▶ [Exercise description]: Copy out every line of the data that follows, exactly.

▶ [Stored items]:
■ ■ ■ ■ ■ ■ ■

(* Fix $V_{\sf P}\ge0$. Then $$\lim_{\delta\to1}\lim_{p\to0}\frac{{\sf Eng}({\sf PEAR})}{{\sf Eng}({\sf APP})}=1,\qquad \lim_{\delta\to1}\lim_{p\to0}\frac{{\sf Util}({\sf PEAR})}{{\sf Util}({\sf APP})}=1+\frac{1}{\ln(1+2e^{V_{\sf P}})}.$$
   Context: Model. Time $t=0,1,2,\dots$, discount factor $\delta\in[0,1)$. Two item types, popular ${\sf P}$ and niche ${\sf N}$, infinitely many items each; at each time $t$ the platform recommends a set $\pi_t$ of two fresh items of chosen types. Utility of item $i$: $u_i=V_{\tau(i)}+\epsilon_i$; outside option: $u_\emptyset=\epsilon_\emptyset$; all noises i.i.d. Gumbel with scale $1$ and mean $0$. User chooses $c_t=\arg\max_{j\in\pi_t\cup\{\emptyset\}}u_j$. $V_{\sf P}$ is a known constant; $V_{\sf N}$ is drawn once, fixed over time, independent of noise, with $\mathbb P(V_{\sf N}=(1-p)/p)=p$, $\mathbb P(V_{\sf N}=-1)=1-p$, $p\in(0,1)$. ${\sf Eng}(\pi)=\sum_{t\ge0}\delta^t\mathbb P(c_t\ne\emptyset)$, ${\sf Util}(\pi)=\sum_{t\ge0}\delta^t\mathbb E[\max_{j\in\pi_t\cup\{\emptyset\}}u_j]$ (expectations also over $V_{\sf N}$). ${\sf APP}$ recommends two popular items at every time. Policy ${\sf PEAR}$: let $\rho_1=\frac{e^{(1-p)/p}}{1+e^{V_{\sf P}}+e^{(1-p)/p}}$, $\rho_2=\frac{e^{-1}}{1+e^{V_{\sf P}}+e^{-1}}$. Maintain counters $S,F$ (initially $0$) and $p_0=p$. At each time $t$: if $p_t\ge p$, recommend one popular and one niche item; if the niche item is chosen increment $S$, otherwise increment $F$. If $p_t<p$, recommend two popular items. Then set $p_{t+1}=\left(1+\frac{1-p}{p}\cdot\frac{\rho_2^S(1-\rho_2)^F}{\rho_1^S(1-\rho_1)^F}\right)^{-1}$. *)

theory Defs
  imports "HOL-Analysis.Analysis" "HOL-Probability.Probability"
begin

section \<open>Gumbel noise (scale 1, mean 0, i.e. location -euler_mascheroni)\<close>

definition gumbel_density :: "real \<Rightarrow> real" where
  "gumbel_density x =
     exp (-(x + euler_mascheroni)) * exp (- exp (-(x + euler_mascheroni)))"

definition gumbel :: "real measure" where
  "gumbel = density lborel (\<lambda>x. ennreal (gumbel_density x))"

text \<open>A recommended set is given by the list vs of mean utilities of its items.
  Index 0 is the outside option (utility = its noise), index i+1 is item i
  (utility vs!i + noise).\<close>

definition noise :: "real list \<Rightarrow> (nat \<Rightarrow> real) measure" where
  "noise vs = PiM {..length vs} (\<lambda>_. gumbel)"

definition util :: "real list \<Rightarrow> (nat \<Rightarrow> real) \<Rightarrow> nat \<Rightarrow> real" where
  "util vs \<omega> i = (if i = 0 then 0 else vs ! (i - 1)) + \<omega> i"

definition choice_prob :: "real list \<Rightarrow> nat \<Rightarrow> real" where
  "choice_prob vs j = measure (noise vs)
     {\<omega> \<in> space (noise vs). \<forall>i\<in>{..length vs}. i \<noteq> j \<longrightarrow> util vs \<omega> i < util vs \<omega> j}"

definition eng_step :: "real list \<Rightarrow> real" where
  "eng_step vs = (\<Sum>j\<in>{1..length vs}. choice_prob vs j)"

definition util_step :: "real list \<Rightarrow> real" where
  "util_step vs = integral\<^sup>L (noise vs) (\<lambda>\<omega>. Max (util vs \<omega> ` {..length vs}))"

definition rho1 :: "real \<Rightarrow> real \<Rightarrow> real" where
  "rho1 VP p = exp ((1 - p) / p) / (1 + exp VP + exp ((1 - p) / p))"

definition rho2 :: "real \<Rightarrow> real \<Rightarrow> real" where
  "rho2 VP p = exp (-1) / (1 + exp VP + exp (-1))"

■ ■ ■ ■ ■ ■ ■

▶ [Solution to the problem]:
(* Fix $V_{\sf P}\ge0$. Then $$\lim_{\delta\to1}\lim_{p\to0}\frac{{\sf Eng}({\sf PEAR})}{{\sf Eng}({\sf APP})}=1,\qquad \lim_{\delta\to1}\lim_{p\to0}\frac{{\sf Util}({\sf PEAR})}{{\sf Util}({\sf APP})}=1+\frac{1}{\ln(1+2e^{V_{\sf P}})}.$$
   Context: Model. Time $t=0,1,2,\dots$, discount factor $\delta\in[0,1)$. Two item types, popular ${\sf P}$ and niche ${\sf N}$, infinitely many items each; at each time $t$ the platform recommends a set $\pi_t$ of two fresh items of chosen types. Utility of item $i$: $u_i=V_{\tau(i)}+\epsilon_i$; outside option: $u_\emptyset=\epsilon_\emptyset$; all noises i.i.d. Gumbel with scale $1$ and mean $0$. User chooses $c_t=\arg\max_{j\in\pi_t\cup\{\emptyset\}}u_j$. $V_{\sf P}$ is a known constant; $V_{\sf N}$ is drawn once, fixed over time, independent of noise, with $\mathbb P(V_{\sf N}=(1-p)/p)=p$, $\mathbb P(V_{\sf N}=-1)=1-p$, $p\in(0,1)$. ${\sf Eng}(\pi)=\sum_{t\ge0}\delta^t\mathbb P(c_t\ne\emptyset)$, ${\sf Util}(\pi)=\sum_{t\ge0}\delta^t\mathbb E[\max_{j\in\pi_t\cup\{\emptyset\}}u_j]$ (expectations also over $V_{\sf N}$). ${\sf APP}$ recommends two popular items at every time. Policy ${\sf PEAR}$: let $\rho_1=\frac{e^{(1-p)/p}}{1+e^{V_{\sf P}}+e^{(1-p)/p}}$, $\rho_2=\frac{e^{-1}}{1+e^{V_{\sf P}}+e^{-1}}$. Maintain counters $S,F$ (initially $0$) and $p_0=p$. At each time $t$: if $p_t\ge p$, recommend one popular and one niche item; if the niche item is chosen increment $S$, otherwise increment $F$. If $p_t<p$, recommend two popular items. Then set $p_{t+1}=\left(1+\frac{1-p}{p}\cdot\frac{\rho_2^S(1-\rho_2)^F}{\rho_1^S(1-\rho_1)^F}\right)^{-1}$. *)

theory Defs
  imports "HOL-Analysis.Analysis" "HOL-Probability.Probability"
begin

section \<open>Gumbel noise (scale 1, mean 0, i.e. location -euler_mascheroni)\<close>

definition gumbel_density :: "real \<Rightarrow> real" where
  "gumbel_density x =
     exp (-(x + euler_mascheroni)) * exp (- exp (-(x + euler_mascheroni)))"

definition gumbel :: "real measure" where
  "gumbel = density lborel (\<lambda>x. ennreal (gumbel_density x))"

text \<open>A recommended set is given by the list vs of mean utilities of its items.
  Index 0 is the outside option (utility = its noise), index i+1 is item i
  (utility vs!i + noise).\<close>

definition noise :: "real list \<Rightarrow> (nat \<Rightarrow> real) measure" where
  "noise vs = PiM {..length vs} (\<lambda>_. gumbel)"

definition util :: "real list \<Rightarrow> (nat \<Rightarrow> real) \<Rightarrow> nat \<Rightarrow> real" where
  "util vs \<omega> i = (if i = 0 then 0 else vs ! (i - 1)) + \<omega> i"

definition choice_prob :: "real list \<Rightarrow> nat \<Rightarrow> real" where
  "choice_prob vs j = measure (noise vs)
     {\<omega> \<in> space (noise vs). \<forall>i\<in>{..length vs}. i \<noteq> j \<longrightarrow> util vs \<omega> i < util vs \<omega> j}"

definition eng_step :: "real list \<Rightarrow> real" where
  "eng_step vs = (\<Sum>j\<in>{1..length vs}. choice_prob vs j)"

definition util_step :: "real list \<Rightarrow> real" where
  "util_step vs = integral\<^sup>L (noise vs) (\<lambda>\<omega>. Max (util vs \<omega> ` {..length vs}))"

definition rho1 :: "real \<Rightarrow> real \<Rightarrow> real" where
  "rho1 VP p = exp ((1 - p) / p) / (1 + exp VP + exp ((1 - p) / p))"

definition rho2 :: "real \<Rightarrow> real \<Rightarrow> real" where
  "rho2 VP p = exp (-1) / (1 + exp VP + exp (-1))"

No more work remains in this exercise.